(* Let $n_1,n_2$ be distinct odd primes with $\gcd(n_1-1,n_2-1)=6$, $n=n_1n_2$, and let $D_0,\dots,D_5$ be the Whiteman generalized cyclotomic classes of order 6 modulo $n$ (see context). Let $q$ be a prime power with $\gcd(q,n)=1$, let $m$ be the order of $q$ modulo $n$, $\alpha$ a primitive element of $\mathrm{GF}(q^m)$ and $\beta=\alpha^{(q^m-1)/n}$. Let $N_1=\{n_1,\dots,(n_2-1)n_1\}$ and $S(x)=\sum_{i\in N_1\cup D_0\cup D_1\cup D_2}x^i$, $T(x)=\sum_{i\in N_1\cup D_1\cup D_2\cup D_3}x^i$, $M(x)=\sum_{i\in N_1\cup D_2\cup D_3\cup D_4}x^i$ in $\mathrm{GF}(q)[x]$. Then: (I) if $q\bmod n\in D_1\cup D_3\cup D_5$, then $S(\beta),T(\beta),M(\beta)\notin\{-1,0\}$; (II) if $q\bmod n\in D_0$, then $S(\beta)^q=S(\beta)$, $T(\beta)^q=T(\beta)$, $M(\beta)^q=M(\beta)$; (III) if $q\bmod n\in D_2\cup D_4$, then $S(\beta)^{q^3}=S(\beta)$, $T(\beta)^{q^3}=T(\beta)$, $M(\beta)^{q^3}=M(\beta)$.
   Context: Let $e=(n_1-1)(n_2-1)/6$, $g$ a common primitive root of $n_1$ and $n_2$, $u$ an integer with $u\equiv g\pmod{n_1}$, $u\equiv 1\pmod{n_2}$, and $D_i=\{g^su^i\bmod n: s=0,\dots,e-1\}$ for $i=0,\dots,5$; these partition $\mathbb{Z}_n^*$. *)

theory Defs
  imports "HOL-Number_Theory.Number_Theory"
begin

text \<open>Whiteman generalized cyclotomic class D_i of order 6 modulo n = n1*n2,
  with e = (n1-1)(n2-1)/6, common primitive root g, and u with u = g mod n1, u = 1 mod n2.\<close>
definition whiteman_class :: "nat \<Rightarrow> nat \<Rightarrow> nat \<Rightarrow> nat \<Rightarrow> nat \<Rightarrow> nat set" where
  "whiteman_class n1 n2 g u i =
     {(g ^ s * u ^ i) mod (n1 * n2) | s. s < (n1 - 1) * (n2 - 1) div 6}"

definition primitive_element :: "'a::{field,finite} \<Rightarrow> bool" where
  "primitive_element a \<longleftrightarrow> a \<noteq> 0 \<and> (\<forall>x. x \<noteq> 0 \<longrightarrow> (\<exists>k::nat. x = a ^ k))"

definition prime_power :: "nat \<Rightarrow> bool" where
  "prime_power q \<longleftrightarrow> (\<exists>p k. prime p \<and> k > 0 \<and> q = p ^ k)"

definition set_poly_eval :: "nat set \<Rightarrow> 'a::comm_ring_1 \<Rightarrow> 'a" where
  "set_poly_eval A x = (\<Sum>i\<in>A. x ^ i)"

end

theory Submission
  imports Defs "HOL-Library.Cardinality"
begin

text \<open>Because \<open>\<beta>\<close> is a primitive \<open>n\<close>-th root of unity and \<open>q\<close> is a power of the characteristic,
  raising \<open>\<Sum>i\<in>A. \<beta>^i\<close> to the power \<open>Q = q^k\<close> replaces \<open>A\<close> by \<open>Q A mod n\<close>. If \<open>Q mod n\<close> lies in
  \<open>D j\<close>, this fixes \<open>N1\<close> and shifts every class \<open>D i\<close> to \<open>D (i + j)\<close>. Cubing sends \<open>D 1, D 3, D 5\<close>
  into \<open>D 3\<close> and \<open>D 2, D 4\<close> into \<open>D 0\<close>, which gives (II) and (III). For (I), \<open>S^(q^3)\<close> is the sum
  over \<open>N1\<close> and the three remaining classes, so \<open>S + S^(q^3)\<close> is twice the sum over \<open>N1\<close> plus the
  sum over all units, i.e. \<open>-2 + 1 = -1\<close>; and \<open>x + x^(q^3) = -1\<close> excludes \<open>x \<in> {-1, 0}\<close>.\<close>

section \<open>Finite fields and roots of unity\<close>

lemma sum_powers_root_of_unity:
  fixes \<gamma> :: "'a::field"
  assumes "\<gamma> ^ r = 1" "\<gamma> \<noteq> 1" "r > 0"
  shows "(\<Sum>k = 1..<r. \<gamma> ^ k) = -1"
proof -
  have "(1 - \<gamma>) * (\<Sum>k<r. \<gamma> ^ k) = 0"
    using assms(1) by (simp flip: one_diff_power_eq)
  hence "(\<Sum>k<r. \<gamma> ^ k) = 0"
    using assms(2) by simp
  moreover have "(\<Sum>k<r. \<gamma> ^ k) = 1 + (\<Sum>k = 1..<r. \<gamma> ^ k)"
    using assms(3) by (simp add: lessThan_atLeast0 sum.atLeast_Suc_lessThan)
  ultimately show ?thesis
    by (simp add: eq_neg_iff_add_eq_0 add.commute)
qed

Problem requirements
From the listing above, pick out every line containing "have".

Answer box
  have "(1 - \<gamma>) * (\<Sum>k<r. \<gamma> ^ k) = 0"
  moreover have "(\<Sum>k<r. \<gamma> ^ k) = 1 + (\<Sum>k = 1..<r. \<gamma> ^ k)"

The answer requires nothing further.